Say what you will about Rupert Murdoch. He is arrogant. He is too powerful. He has a lot of money that would surely be spent more admirably by Microsoft-free Bill Gates. By I have to hand it to him; he was right about The Wall Street Journal.

Many people shuddered when ol’ Rupert made his bid to buy The Journal’s publisher Dow Jones (me included). We already have an absurd amount of media conglomeration in this country, and not just with news outlets. George W. Bush’s tight relationship with the Mays family, for example, further exacerbated the laughable state of American radio set in motion by the Telecommunications Act of 1996. Clear Channel’s overbroad ownership of 30%+ of all radio stations mocks the notion that the FCC is protects local airwaves for the citizenry. Apparently if you give enough to the ruling party, you’re corporate monster can gobble up whatever it wants and merge radio, TV, and advertising to its heart’s content.

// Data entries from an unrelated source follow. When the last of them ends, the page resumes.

(* Let $A=\{a_1,\ldots,a_n\}$ and $B=\{b_1,\ldots,b_m\}$ be finite point sets in $\mathbb{R}^2$ with $m\le n$. Let $t\in\mathbb{R}^2$ be such that $\|b_p+t-a_r\|\neq\|b_p+t-a_s\|$ for all $p\in\{1,\ldots,m\}$ and all $r\neq s$ in $\{1,\ldots,n\}$. Then every optimal matching for $t$ is an efficient matching for the set of preference lists $L=\{L_t(b_i)\mid i\in\{1,\ldots,m\}\}$.
   Context: A matching is an injective map $\pi:B\to A$; its cost at translation $t$ is $f(\pi,t)=\sum_{b\in B}\|b+t-\pi(b)\|^2$, and $\pi$ is optimal for $t$ if it minimizes $f(\cdot,t)$ over all injective maps. The preference list $L_t(b)$ of $b\in B$ is the list of the points of $A$ sorted by increasing distance from $b+t$. A matching $\pi$ is better than a distinct matching $\sigma$ if for each $b\in B$ either $\pi(b)=\sigma(b)$ or $\pi(b)$ appears before $\sigma(b)$ in $L_t(b)$. A matching is efficient (Pareto efficient) if no matching is better than it. *)

theory Defs
  imports "HOL-Analysis.Analysis"
begin

type_synonym pt = "real ^ 2"

text \<open>A matching is an injective map from B into A (only its values on B matter).\<close>
definition matching :: "pt set \<Rightarrow> pt set \<Rightarrow> (pt \<Rightarrow> pt) \<Rightarrow> bool" where
  "matching A B \<pi> \<longleftrightarrow> inj_on \<pi> B \<and> \<pi> ` B \<subseteq> A"

definition cost :: "pt set \<Rightarrow> (pt \<Rightarrow> pt) \<Rightarrow> pt \<Rightarrow> real" where
  "cost B \<pi> t = (\<Sum>b\<in>B. (norm (b + t - \<pi> b))\<^sup>2)"

definition optimal :: "pt set \<Rightarrow> pt set \<Rightarrow> pt \<Rightarrow> (pt \<Rightarrow> pt) \<Rightarrow> bool" where
  "optimal A B t \<pi> \<longleftrightarrow> matching A B \<pi> \<and>
     (\<forall>\<sigma>. matching A B \<sigma> \<longrightarrow> cost B \<pi> t \<le> cost B \<sigma> t)"

definition pref_list :: "pt set \<Rightarrow> pt \<Rightarrow> pt \<Rightarrow> pt list" where
  "pref_list A t b = sorted_key_list_of_set (\<lambda>a. norm (b + t - a)) A"

definition before :: "'a list \<Rightarrow> 'a \<Rightarrow> 'a \<Rightarrow> bool" where
  "before xs x y \<longleftrightarrow> (\<exists>i j. i < j \<and> j < length xs \<and> xs ! i = x \<and> xs ! j = y)"

definition better :: "pt set \<Rightarrow> pt set \<Rightarrow> pt \<Rightarrow> (pt \<Rightarrow> pt) \<Rightarrow> (pt \<Rightarrow> pt) \<Rightarrow> bool" where
  "better A B t \<pi> \<sigma> \<longleftrightarrow> (\<exists>b\<in>B. \<pi> b \<noteq> \<sigma> b) \<and>
     (\<forall>b\<in>B. \<pi> b = \<sigma> b \<or> before (pref_list A t b) (\<pi> b) (\<sigma> b))"

definition efficient :: "pt set \<Rightarrow> pt set \<Rightarrow> pt \<Rightarrow> (pt \<Rightarrow> pt) \<Rightarrow> bool" where
  "efficient A B t \<sigma> \<longleftrightarrow> matching A B \<sigma> \<and>
     \<not> (\<exists>\<pi>. matching A B \<pi> \<and> better A B t \<pi> \<sigma>)"

end

theory Submission
  imports Defs
begin

text \<open>If the distances from b + t to the points of A are pairwise distinct, then appearing
  earlier in L_t(b) means being strictly closer to b + t. A matching that is better than an
  optimal one therefore never increases any summand of the cost and strictly decreases at
  least one, contradicting optimality.\<close>

lemma (in linorder) before_sorted_key_list_of_set_less:
  assumes inj: "inj_on f A" and bef: "before (sorted_key_list_of_set f A) x y"
  shows "f x < f y"
proof -
  let ?xs = "sorted_key_list_of_set f A"
  interpret folding_insort_key "(\<le>)" "(<)" A f
    by unfold_locales (rule inj)
  have strict: "sorted_wrt (<) (map f ?xs)"
    by simp
  obtain i j where "i < j" "j < length ?xs" "?xs ! i = x" "?xs ! j = y"
    using bef unfolding before_def by blast
  then show ?thesis
    using sorted_wrt_nth_less[OF strict, of i j] by simp
qed

lemma before_pref_list_closer:
  assumes "inj_on (\<lambda>a. norm (b + t - a)) A" and "before (pref_list A t b) x y"
  shows "norm (b + t - x) < norm (b + t - y)"
  using before_sorted_key_list_of_set_less assms unfolding pref_list_def by fastforce

lemma better_cost_less:
  assumes "finite B"
    and distinct_dist: "\<And>b. b \<in> B \<Longrightarrow> inj_on (\<lambda>a. norm (b + t - a)) A"
    and "better A B t \<rho> \<pi>"
  shows "cost B \<rho> t < cost B \<pi> t"
proof -
  have closer: "norm (b + t - \<rho> b) < norm (b + t - \<pi> b)" if "b \<in> B" "\<rho> b \<noteq> \<pi> b" for b
    using before_pref_list_closer[OF distinct_dist] assms(3) that
    unfolding better_def by blast
  have le: "(norm (b + t - \<rho> b))\<^sup>2 \<le> (norm (b + t - \<pi> b))\<^sup>2" if "b \<in> B" for b
    using closer[OF that] by (cases "\<rho> b = \<pi> b") (auto intro: power_mono)
  obtain b0 where b0: "b0 \<in> B" "\<rho> b0 \<noteq> \<pi> b0"
    using assms(3) unfolding better_def by blast
  have "(norm (b0 + t - \<rho> b0))\<^sup>2 < (norm (b0 + t - \<pi> b0))\<^sup>2"
    using closer[OF b0] by (intro power_strict_mono) auto
  then show ?thesis
    unfolding cost_def using le b0 by (intro sum_strict_mono_ex1[OF assms(1)]) auto
qed

theorem lemma5:
  fixes A B :: "(real ^ 2) set" and t :: "real ^ 2" and \<pi> :: "real ^ 2 \<Rightarrow> real ^ 2"
  assumes "finite A" and "finite B" and "card B \<le> card A"
    and "\<And>b r s. b \<in> B \<Longrightarrow> r \<in> A \<Longrightarrow> s \<in> A \<Longrightarrow> r \<noteq> s \<Longrightarrow>
           norm (b + t - r) \<noteq> norm (b + t - s)"
    and "optimal A B t \<pi>"
  shows "efficient A B t \<pi>"
proof -
  have distinct_dist: "inj_on (\<lambda>a. norm (b + t - a)) A" if "b \<in> B" for b
    using assms(4)[OF that] unfolding inj_on_def by blast
  have "\<not> better A B t \<rho> \<pi>" if "matching A B \<rho>" for \<rho>
    using better_cost_less[OF assms(2) distinct_dist] assms(5) that
    unfolding optimal_def by (meson not_le)
  with assms(5) show ?thesis
    unfolding efficient_def optimal_def by blast
qed

end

All of that said, I have to admit Murdoch knew what he was doing with The Wall Street Journal. It is way better now as head-on competitor to The NY Times than it ever was a purely haughty financial paper. In fact, less some of the more elaborate sections on living, food, etc that I rarely read anyway, The Journal is every bit the daily general-interest news paper as The Times, sans the bleeding liberal bent. I used to scan only the front page and editorials but it has now has become my personal ‘paper of record’.